* Task goal *
Filter on the word "multiplicity": copy each matching line from the listing below.

* Material for the task *
= Beginning of Section =

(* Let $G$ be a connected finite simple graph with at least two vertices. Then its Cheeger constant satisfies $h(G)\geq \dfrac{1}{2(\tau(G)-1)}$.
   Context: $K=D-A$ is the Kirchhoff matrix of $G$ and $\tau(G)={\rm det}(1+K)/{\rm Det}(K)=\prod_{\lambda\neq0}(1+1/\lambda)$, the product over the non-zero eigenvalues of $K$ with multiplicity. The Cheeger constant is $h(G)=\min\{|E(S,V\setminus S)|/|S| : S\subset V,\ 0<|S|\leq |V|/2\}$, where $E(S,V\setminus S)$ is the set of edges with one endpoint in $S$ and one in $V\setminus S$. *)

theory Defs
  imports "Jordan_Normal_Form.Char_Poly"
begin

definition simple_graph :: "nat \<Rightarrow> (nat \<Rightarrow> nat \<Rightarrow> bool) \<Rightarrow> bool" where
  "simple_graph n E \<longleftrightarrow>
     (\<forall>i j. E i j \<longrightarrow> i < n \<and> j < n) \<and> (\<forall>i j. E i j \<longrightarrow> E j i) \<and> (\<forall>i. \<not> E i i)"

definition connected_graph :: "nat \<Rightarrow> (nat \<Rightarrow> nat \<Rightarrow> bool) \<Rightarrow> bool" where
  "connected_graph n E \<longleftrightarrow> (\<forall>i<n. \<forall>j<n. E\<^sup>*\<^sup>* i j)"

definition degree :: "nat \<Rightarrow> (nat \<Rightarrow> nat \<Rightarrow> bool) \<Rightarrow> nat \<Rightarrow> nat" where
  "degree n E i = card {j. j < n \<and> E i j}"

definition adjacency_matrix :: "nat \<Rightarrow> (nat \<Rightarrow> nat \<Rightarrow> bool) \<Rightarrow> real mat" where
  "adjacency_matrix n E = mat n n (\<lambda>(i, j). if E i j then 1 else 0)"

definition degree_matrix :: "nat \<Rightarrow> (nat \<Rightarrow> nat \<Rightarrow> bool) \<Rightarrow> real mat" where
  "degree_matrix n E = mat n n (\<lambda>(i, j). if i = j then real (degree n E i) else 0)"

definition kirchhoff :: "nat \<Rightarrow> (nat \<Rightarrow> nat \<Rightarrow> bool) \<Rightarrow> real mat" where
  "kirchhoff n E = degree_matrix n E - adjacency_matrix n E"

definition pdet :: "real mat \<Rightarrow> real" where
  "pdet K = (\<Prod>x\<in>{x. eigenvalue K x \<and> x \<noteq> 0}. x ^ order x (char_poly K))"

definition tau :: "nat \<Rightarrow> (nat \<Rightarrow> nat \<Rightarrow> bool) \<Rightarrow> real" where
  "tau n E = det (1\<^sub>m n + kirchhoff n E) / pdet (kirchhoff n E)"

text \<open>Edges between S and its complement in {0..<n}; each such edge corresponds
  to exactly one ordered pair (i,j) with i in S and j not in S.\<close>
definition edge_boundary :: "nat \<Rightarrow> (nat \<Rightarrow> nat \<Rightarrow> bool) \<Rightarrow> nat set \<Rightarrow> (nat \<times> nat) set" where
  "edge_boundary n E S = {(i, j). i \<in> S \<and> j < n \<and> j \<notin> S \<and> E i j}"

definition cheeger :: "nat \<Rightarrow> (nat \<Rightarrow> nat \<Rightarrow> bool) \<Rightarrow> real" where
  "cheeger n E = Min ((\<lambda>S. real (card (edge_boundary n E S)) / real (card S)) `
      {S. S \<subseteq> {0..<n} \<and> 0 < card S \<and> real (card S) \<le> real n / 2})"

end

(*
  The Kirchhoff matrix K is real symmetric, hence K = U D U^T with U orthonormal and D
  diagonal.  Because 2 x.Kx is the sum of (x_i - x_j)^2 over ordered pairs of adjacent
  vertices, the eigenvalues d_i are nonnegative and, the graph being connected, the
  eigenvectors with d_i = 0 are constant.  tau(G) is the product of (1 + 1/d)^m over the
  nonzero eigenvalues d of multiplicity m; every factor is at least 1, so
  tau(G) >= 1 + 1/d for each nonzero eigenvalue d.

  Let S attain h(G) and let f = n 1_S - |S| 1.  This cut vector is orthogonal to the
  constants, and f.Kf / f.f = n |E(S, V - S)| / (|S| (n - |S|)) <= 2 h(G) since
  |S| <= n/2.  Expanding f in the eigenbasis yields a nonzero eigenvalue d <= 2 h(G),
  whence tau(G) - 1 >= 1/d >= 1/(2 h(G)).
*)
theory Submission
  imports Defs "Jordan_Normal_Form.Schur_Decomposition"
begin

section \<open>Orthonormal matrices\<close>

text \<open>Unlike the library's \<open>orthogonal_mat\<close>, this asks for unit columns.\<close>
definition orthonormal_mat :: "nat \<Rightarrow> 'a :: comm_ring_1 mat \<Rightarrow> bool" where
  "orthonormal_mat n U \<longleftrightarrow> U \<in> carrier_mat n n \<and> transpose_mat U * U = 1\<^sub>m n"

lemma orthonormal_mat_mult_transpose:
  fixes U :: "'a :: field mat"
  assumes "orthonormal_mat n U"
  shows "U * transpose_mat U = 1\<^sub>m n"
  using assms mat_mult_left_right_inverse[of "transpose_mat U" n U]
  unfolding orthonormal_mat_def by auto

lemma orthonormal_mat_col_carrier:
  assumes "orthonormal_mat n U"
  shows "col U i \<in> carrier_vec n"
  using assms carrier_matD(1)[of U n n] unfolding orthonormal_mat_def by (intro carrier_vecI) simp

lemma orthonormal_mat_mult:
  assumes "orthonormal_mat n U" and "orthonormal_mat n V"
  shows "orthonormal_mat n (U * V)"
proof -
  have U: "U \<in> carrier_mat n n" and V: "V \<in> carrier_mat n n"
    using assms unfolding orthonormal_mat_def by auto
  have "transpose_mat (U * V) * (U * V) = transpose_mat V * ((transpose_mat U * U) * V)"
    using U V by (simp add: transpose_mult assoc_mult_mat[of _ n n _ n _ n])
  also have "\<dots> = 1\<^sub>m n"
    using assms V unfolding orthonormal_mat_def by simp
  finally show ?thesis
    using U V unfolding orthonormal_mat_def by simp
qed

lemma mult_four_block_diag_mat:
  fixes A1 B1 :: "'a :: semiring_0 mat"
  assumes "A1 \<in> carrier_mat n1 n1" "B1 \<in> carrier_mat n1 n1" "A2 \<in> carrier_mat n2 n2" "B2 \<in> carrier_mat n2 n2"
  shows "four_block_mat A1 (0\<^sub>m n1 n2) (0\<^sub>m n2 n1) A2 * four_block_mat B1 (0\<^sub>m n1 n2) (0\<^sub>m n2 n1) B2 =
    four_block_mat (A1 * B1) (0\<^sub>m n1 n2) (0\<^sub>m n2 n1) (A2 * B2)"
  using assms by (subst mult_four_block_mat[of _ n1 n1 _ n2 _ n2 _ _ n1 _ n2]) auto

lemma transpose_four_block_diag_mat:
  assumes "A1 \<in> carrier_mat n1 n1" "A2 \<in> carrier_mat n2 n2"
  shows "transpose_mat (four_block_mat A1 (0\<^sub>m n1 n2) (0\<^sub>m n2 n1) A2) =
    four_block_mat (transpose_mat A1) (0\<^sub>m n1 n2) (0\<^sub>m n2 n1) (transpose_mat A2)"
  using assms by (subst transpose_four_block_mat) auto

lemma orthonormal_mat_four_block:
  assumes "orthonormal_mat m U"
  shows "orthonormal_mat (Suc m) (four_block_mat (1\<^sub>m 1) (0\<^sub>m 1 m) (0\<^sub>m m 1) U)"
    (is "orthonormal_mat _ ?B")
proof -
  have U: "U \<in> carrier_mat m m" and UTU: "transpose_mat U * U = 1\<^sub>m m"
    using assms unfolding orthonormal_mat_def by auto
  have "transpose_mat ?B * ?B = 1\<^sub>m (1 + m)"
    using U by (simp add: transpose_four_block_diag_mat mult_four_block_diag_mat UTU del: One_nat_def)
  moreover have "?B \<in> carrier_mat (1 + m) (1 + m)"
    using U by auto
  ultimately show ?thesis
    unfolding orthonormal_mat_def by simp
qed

= End of Section =

* Written answer *
   Context: $K=D-A$ is the Kirchhoff matrix of $G$ and $\tau(G)={\rm det}(1+K)/{\rm Det}(K)=\prod_{\lambda\neq0}(1+1/\lambda)$, the product over the non-zero eigenvalues of $K$ with multiplicity. The Cheeger constant is $h(G)=\min\{|E(S,V\setminus S)|/|S| : S\subset V,\ 0<|S|\leq |V|/2\}$, where $E(S,V\setminus S)$ is the set of edges with one endpoint in $S$ and one in $V\setminus S$. *)
  nonzero eigenvalues d of multiplicity m; every factor is at least 1, so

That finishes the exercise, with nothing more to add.